*What you are asked to do*
Everything in the listing below needs to be returned word for word.

==========

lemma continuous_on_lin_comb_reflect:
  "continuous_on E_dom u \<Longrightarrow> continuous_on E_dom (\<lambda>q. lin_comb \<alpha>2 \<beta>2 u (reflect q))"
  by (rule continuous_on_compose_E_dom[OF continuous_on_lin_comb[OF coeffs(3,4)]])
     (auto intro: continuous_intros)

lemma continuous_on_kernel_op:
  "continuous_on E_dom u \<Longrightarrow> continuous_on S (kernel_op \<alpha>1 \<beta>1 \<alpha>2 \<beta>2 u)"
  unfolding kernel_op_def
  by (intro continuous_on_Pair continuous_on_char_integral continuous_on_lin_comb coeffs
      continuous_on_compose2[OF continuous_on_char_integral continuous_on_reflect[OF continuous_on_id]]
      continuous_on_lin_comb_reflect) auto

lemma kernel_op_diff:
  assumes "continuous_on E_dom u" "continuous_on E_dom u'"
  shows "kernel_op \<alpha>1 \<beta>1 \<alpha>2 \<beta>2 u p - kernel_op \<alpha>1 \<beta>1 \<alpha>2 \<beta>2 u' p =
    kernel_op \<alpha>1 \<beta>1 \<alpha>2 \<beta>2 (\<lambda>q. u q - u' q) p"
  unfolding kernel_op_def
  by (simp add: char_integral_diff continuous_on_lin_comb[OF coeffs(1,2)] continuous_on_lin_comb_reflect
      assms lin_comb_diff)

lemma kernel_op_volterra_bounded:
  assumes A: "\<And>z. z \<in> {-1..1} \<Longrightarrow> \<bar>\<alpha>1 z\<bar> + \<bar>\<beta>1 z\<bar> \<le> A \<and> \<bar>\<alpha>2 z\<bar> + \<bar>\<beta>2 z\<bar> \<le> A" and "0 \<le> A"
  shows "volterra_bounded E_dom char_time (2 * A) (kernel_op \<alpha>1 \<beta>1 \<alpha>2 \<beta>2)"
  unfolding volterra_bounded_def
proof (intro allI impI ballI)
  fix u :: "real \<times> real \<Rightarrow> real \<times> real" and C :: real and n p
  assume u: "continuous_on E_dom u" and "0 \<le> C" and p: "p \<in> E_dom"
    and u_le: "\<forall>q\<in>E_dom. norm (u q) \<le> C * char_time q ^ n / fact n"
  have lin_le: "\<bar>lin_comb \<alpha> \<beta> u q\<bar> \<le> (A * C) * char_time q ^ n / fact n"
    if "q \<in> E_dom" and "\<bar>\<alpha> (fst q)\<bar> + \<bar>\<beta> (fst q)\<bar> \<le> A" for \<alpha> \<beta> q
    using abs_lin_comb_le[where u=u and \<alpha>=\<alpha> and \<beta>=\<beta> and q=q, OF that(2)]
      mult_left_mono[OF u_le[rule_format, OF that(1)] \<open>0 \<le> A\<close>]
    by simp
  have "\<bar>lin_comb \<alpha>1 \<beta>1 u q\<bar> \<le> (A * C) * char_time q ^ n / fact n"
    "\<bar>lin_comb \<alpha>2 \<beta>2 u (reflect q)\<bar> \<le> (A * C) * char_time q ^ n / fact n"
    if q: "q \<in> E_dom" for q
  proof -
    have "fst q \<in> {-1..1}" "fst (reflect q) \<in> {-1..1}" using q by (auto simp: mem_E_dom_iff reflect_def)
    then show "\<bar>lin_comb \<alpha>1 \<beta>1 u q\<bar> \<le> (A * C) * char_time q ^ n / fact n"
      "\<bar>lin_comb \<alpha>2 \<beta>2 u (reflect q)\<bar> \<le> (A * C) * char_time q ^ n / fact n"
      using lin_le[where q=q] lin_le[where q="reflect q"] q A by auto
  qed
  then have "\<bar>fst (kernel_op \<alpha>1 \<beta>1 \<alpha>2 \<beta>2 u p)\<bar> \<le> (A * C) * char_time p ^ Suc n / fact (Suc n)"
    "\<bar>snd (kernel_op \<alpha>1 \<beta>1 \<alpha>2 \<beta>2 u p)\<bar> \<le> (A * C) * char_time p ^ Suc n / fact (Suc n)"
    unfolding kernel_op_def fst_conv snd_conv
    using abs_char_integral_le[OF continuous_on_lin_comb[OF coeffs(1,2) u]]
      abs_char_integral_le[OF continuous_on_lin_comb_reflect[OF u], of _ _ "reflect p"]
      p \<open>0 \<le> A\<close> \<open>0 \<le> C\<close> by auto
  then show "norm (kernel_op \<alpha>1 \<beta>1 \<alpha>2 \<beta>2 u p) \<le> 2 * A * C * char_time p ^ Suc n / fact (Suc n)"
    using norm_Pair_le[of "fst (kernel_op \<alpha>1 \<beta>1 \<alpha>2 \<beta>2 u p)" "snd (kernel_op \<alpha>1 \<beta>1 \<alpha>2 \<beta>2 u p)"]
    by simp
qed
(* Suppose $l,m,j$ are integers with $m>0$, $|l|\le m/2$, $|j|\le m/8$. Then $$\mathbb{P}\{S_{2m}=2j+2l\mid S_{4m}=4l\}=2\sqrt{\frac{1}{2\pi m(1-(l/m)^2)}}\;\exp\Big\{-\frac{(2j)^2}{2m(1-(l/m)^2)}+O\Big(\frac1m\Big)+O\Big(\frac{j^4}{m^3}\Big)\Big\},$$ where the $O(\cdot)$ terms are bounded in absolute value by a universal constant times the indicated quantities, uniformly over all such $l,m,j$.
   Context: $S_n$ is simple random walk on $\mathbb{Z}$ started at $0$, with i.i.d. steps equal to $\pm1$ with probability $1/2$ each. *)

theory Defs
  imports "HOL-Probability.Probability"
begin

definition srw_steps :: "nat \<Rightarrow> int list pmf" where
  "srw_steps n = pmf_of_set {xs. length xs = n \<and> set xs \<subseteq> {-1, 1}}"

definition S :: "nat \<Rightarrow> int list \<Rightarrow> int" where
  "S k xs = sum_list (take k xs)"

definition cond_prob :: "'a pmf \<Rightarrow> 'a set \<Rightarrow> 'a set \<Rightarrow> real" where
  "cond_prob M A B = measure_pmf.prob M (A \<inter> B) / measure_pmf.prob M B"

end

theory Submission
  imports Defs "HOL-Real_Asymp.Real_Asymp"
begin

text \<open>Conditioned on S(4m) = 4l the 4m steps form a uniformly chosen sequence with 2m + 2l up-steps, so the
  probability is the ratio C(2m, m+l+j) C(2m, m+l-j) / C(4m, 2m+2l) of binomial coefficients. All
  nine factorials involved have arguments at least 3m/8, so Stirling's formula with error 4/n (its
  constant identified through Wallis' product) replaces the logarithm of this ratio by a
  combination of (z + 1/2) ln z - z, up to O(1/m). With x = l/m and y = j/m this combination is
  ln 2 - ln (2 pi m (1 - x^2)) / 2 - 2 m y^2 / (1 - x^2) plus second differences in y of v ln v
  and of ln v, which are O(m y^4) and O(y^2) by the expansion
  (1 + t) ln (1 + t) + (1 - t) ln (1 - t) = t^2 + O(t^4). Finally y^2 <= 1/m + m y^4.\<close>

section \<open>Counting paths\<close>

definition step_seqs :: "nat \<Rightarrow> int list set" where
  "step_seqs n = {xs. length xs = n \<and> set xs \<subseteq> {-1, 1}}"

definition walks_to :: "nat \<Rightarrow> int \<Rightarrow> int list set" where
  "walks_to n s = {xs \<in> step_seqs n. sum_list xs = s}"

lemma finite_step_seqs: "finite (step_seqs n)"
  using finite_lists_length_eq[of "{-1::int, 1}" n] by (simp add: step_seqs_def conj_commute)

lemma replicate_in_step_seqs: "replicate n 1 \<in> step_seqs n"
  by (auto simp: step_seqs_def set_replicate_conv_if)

==========

*Response box*
lemma continuous_on_lin_comb_reflect:
  "continuous_on E_dom u \<Longrightarrow> continuous_on E_dom (\<lambda>q. lin_comb \<alpha>2 \<beta>2 u (reflect q))"
  by (rule continuous_on_compose_E_dom[OF continuous_on_lin_comb[OF coeffs(3,4)]])
     (auto intro: continuous_intros)

lemma continuous_on_kernel_op:
  "continuous_on E_dom u \<Longrightarrow> continuous_on S (kernel_op \<alpha>1 \<beta>1 \<alpha>2 \<beta>2 u)"
  unfolding kernel_op_def
  by (intro continuous_on_Pair continuous_on_char_integral continuous_on_lin_comb coeffs
      continuous_on_compose2[OF continuous_on_char_integral continuous_on_reflect[OF continuous_on_id]]
      continuous_on_lin_comb_reflect) auto

lemma kernel_op_diff:
  assumes "continuous_on E_dom u" "continuous_on E_dom u'"
  shows "kernel_op \<alpha>1 \<beta>1 \<alpha>2 \<beta>2 u p - kernel_op \<alpha>1 \<beta>1 \<alpha>2 \<beta>2 u' p =
    kernel_op \<alpha>1 \<beta>1 \<alpha>2 \<beta>2 (\<lambda>q. u q - u' q) p"
  unfolding kernel_op_def
  by (simp add: char_integral_diff continuous_on_lin_comb[OF coeffs(1,2)] continuous_on_lin_comb_reflect
      assms lin_comb_diff)

lemma kernel_op_volterra_bounded:
  assumes A: "\<And>z. z \<in> {-1..1} \<Longrightarrow> \<bar>\<alpha>1 z\<bar> + \<bar>\<beta>1 z\<bar> \<le> A \<and> \<bar>\<alpha>2 z\<bar> + \<bar>\<beta>2 z\<bar> \<le> A" and "0 \<le> A"
  shows "volterra_bounded E_dom char_time (2 * A) (kernel_op \<alpha>1 \<beta>1 \<alpha>2 \<beta>2)"
  unfolding volterra_bounded_def
proof (intro allI impI ballI)
  fix u :: "real \<times> real \<Rightarrow> real \<times> real" and C :: real and n p
  assume u: "continuous_on E_dom u" and "0 \<le> C" and p: "p \<in> E_dom"
    and u_le: "\<forall>q\<in>E_dom. norm (u q) \<le> C * char_time q ^ n / fact n"
  have lin_le: "\<bar>lin_comb \<alpha> \<beta> u q\<bar> \<le> (A * C) * char_time q ^ n / fact n"
    if "q \<in> E_dom" and "\<bar>\<alpha> (fst q)\<bar> + \<bar>\<beta> (fst q)\<bar> \<le> A" for \<alpha> \<beta> q
    using abs_lin_comb_le[where u=u and \<alpha>=\<alpha> and \<beta>=\<beta> and q=q, OF that(2)]
      mult_left_mono[OF u_le[rule_format, OF that(1)] \<open>0 \<le> A\<close>]
    by simp
  have "\<bar>lin_comb \<alpha>1 \<beta>1 u q\<bar> \<le> (A * C) * char_time q ^ n / fact n"
    "\<bar>lin_comb \<alpha>2 \<beta>2 u (reflect q)\<bar> \<le> (A * C) * char_time q ^ n / fact n"
    if q: "q \<in> E_dom" for q
  proof -
    have "fst q \<in> {-1..1}" "fst (reflect q) \<in> {-1..1}" using q by (auto simp: mem_E_dom_iff reflect_def)
    then show "\<bar>lin_comb \<alpha>1 \<beta>1 u q\<bar> \<le> (A * C) * char_time q ^ n / fact n"
      "\<bar>lin_comb \<alpha>2 \<beta>2 u (reflect q)\<bar> \<le> (A * C) * char_time q ^ n / fact n"
      using lin_le[where q=q] lin_le[where q="reflect q"] q A by auto
  qed
  then have "\<bar>fst (kernel_op \<alpha>1 \<beta>1 \<alpha>2 \<beta>2 u p)\<bar> \<le> (A * C) * char_time p ^ Suc n / fact (Suc n)"
    "\<bar>snd (kernel_op \<alpha>1 \<beta>1 \<alpha>2 \<beta>2 u p)\<bar> \<le> (A * C) * char_time p ^ Suc n / fact (Suc n)"
    unfolding kernel_op_def fst_conv snd_conv
    using abs_char_integral_le[OF continuous_on_lin_comb[OF coeffs(1,2) u]]
      abs_char_integral_le[OF continuous_on_lin_comb_reflect[OF u], of _ _ "reflect p"]
      p \<open>0 \<le> A\<close> \<open>0 \<le> C\<close> by auto
  then show "norm (kernel_op \<alpha>1 \<beta>1 \<alpha>2 \<beta>2 u p) \<le> 2 * A * C * char_time p ^ Suc n / fact (Suc n)"
    using norm_Pair_le[of "fst (kernel_op \<alpha>1 \<beta>1 \<alpha>2 \<beta>2 u p)" "snd (kernel_op \<alpha>1 \<beta>1 \<alpha>2 \<beta>2 u p)"]
    by simp
qed
(* Suppose $l,m,j$ are integers with $m>0$, $|l|\le m/2$, $|j|\le m/8$. Then $$\mathbb{P}\{S_{2m}=2j+2l\mid S_{4m}=4l\}=2\sqrt{\frac{1}{2\pi m(1-(l/m)^2)}}\;\exp\Big\{-\frac{(2j)^2}{2m(1-(l/m)^2)}+O\Big(\frac1m\Big)+O\Big(\frac{j^4}{m^3}\Big)\Big\},$$ where the $O(\cdot)$ terms are bounded in absolute value by a universal constant times the indicated quantities, uniformly over all such $l,m,j$.
   Context: $S_n$ is simple random walk on $\mathbb{Z}$ started at $0$, with i.i.d. steps equal to $\pm1$ with probability $1/2$ each. *)

theory Defs
  imports "HOL-Probability.Probability"
begin

definition srw_steps :: "nat \<Rightarrow> int list pmf" where
  "srw_steps n = pmf_of_set {xs. length xs = n \<and> set xs \<subseteq> {-1, 1}}"

definition S :: "nat \<Rightarrow> int list \<Rightarrow> int" where
  "S k xs = sum_list (take k xs)"

definition cond_prob :: "'a pmf \<Rightarrow> 'a set \<Rightarrow> 'a set \<Rightarrow> real" where
  "cond_prob M A B = measure_pmf.prob M (A \<inter> B) / measure_pmf.prob M B"

end

theory Submission
  imports Defs "HOL-Real_Asymp.Real_Asymp"
begin

text \<open>Conditioned on S(4m) = 4l the 4m steps form a uniformly chosen sequence with 2m + 2l up-steps, so the
  probability is the ratio C(2m, m+l+j) C(2m, m+l-j) / C(4m, 2m+2l) of binomial coefficients. All
  nine factorials involved have arguments at least 3m/8, so Stirling's formula with error 4/n (its
  constant identified through Wallis' product) replaces the logarithm of this ratio by a
  combination of (z + 1/2) ln z - z, up to O(1/m). With x = l/m and y = j/m this combination is
  ln 2 - ln (2 pi m (1 - x^2)) / 2 - 2 m y^2 / (1 - x^2) plus second differences in y of v ln v
  and of ln v, which are O(m y^4) and O(y^2) by the expansion
  (1 + t) ln (1 + t) + (1 - t) ln (1 - t) = t^2 + O(t^4). Finally y^2 <= 1/m + m y^4.\<close>

section \<open>Counting paths\<close>

definition step_seqs :: "nat \<Rightarrow> int list set" where
  "step_seqs n = {xs. length xs = n \<and> set xs \<subseteq> {-1, 1}}"

definition walks_to :: "nat \<Rightarrow> int \<Rightarrow> int list set" where
  "walks_to n s = {xs \<in> step_seqs n. sum_list xs = s}"

lemma finite_step_seqs: "finite (step_seqs n)"
  using finite_lists_length_eq[of "{-1::int, 1}" n] by (simp add: step_seqs_def conj_commute)

lemma replicate_in_step_seqs: "replicate n 1 \<in> step_seqs n"
  by (auto simp: step_seqs_def set_replicate_conv_if)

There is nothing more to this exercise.